You hire a professional photographer to analyze dishes:
- **Pre-trained eyes** (Inception model trained on ImageNet)
- Converts photo into a **feature summary** (embed_size numbers)
- Example: [0.5, 0.8, 0.2, ...] → represents "brown dog, green grass, blue sky"

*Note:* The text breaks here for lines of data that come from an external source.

definition hash_index :: "'a::countable \<Rightarrow> nat \<Rightarrow> nat" where
  "hash_index x i = prod_encode (to_nat x, i)"

definition coin_hash :: "(nat \<Rightarrow> bool) \<Rightarrow> 'a::countable \<Rightarrow> nat \<Rightarrow> bool list" where
  "coin_hash r x l = map (\<lambda>i. r (hash_index x i)) [0..<l]"

lemma hash_index_eq_iff [simp]: "hash_index x i = hash_index y j \<longleftrightarrow> x = y \<and> i = j"
  unfolding hash_index_def by simp

lemma snd_prod_decode_hash_index [simp]: "snd (prod_decode (hash_index x i)) = i"
  unfolding hash_index_def by simp

lemma length_coin_hash [simp]: "length (coin_hash r x l) = l"
  unfolding coin_hash_def by simp

lemma coin_hash_eq_iff:
  "coin_hash r x l = coin_hash r' y l \<longleftrightarrow> (\<forall>i<l. r (hash_index x i) = r' (hash_index y i))"
  unfolding coin_hash_def by (simp add: list_eq_iff_nth_eq)

text \<open>A collision is fixed by the common values \<open>g i\<close> of the bits \<open>(x, i)\<close> and \<open>(m, i)\<close>,
  so it is one of \<open>2^l\<close> cylinders on \<open>2 l\<close> coordinates.\<close>
lemma coin_hash_collision_eq_UN_cylinder:
  "{r. coin_hash r x l = coin_hash r m l} =
     (\<Union>g\<in>{..<l} \<rightarrow>\<^sub>E UNIV. coin_cylinder (hash_index x ` {..<l} \<union> hash_index m ` {..<l})
                                      (\<lambda>j. g (snd (prod_decode j))))"
  (is "?X = (\<Union>g\<in>?G. coin_cylinder ?J (?f g))")
proof (intro equalityI subsetI)
  fix r assume "r \<in> ?X"
  then have "restrict (\<lambda>i. r (hash_index m i)) {..<l} \<in> ?G"
    and "r \<in> coin_cylinder ?J (?f (restrict (\<lambda>i. r (hash_index m i)) {..<l}))"
    by (auto simp: coin_cylinder_def coin_hash_eq_iff)
  then show "r \<in> (\<Union>g\<in>?G. coin_cylinder ?J (?f g))" by blast
next
  fix r assume "r \<in> (\<Union>g\<in>?G. coin_cylinder ?J (?f g))"
  then show "r \<in> ?X" by (auto simp: coin_cylinder_def coin_hash_eq_iff)
qed
definition Pmat :: "nat \<Rightarrow> real \<Rightarrow> real \<Rightarrow> (nat \<Rightarrow> real) \<Rightarrow> (nat \<Rightarrow> real) \<Rightarrow> nat \<Rightarrow> nat \<Rightarrow> nat \<Rightarrow> real" where
  "Pmat n eps phi x0 y0 t i j =
     (let N = (\<lambda>a. nbrs n eps (xs n eps phi x0 y0 t) (ys n eps phi x0 y0 t) a) in
      if i < n \<and> j < n then
        (if j = i then 1 / (real (card (N i)) + 1)
         else if j \<in> N i then phi / (real (card (N i)) + 1) else 0)
      else if i < n \<and> n \<le> j \<and> j < 2*n then
        (1 - phi) * real (card (N i)) / ((real (card (N i)) + 1) * real n)
      else if n \<le> i \<and> i < 2*n \<and> j < n then
        (if j = i - n then phi else 0)
      else if n \<le> i \<and> i < 2*n \<and> n \<le> j \<and> j < 2*n then
        (1 - phi) / real n
      else 0)"

definition graph_of :: "nat \<Rightarrow> (nat \<Rightarrow> nat \<Rightarrow> real) \<Rightarrow> (nat \<times> nat) set" where
  "graph_of m A = {(j, i). j < m \<and> i < m \<and> A i j > 0}"

definition strongly_connected_on :: "nat \<Rightarrow> (nat \<times> nat) set \<Rightarrow> bool" where
  "strongly_connected_on m E = (\<forall>i<m. \<forall>j<m. (i, j) \<in> E\<^sup>*)"

end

### 🔧 Technical Explanation: EncoderCNN Class

In [None]:
class DecoderRNN(nn.Module):
    def __init__(self,embed_size,hidden_size,vocab_size,num_layers):
        super(DecoderRNN,self).__init__()
        
        self.embed=nn.Embedding(vocab_size,embed_size)
        self.lstm=nn.LSTM(embed_size,hidden_size,num_layers,batch_first=True)
        self.linear=nn.Linear(hidden_size,vocab_size)
        self.dropout=nn.Dropout(0.5)
        
    def forward(self, features,captions):
        embeddings = self.dropout(self.embed(captions))
        embeddings = torch.cat((features.unsqueeze(1), embeddings), dim=1)
        hiddens, _ = self.lstm(embeddings)
        outputs=self.linear(hiddens)
        return outputs

---

## 🔗 Deep Dive: How Image Features Become "Words" for LSTM

### 🍕 Simple Analogy: Restaurant Critic's First Impression

Imagine a food critic:
1. **Photographer shows photo** → critic forms first impression ("Ah, this looks like Italian food")
2. **Critic writes review** → "This" → "delicious" → "pizza" → "has" → "fresh" → "toppings"

The photo analysis becomes the **starting point** for the review!

### 🔧 Technical Explanation: Image Features as First "Word"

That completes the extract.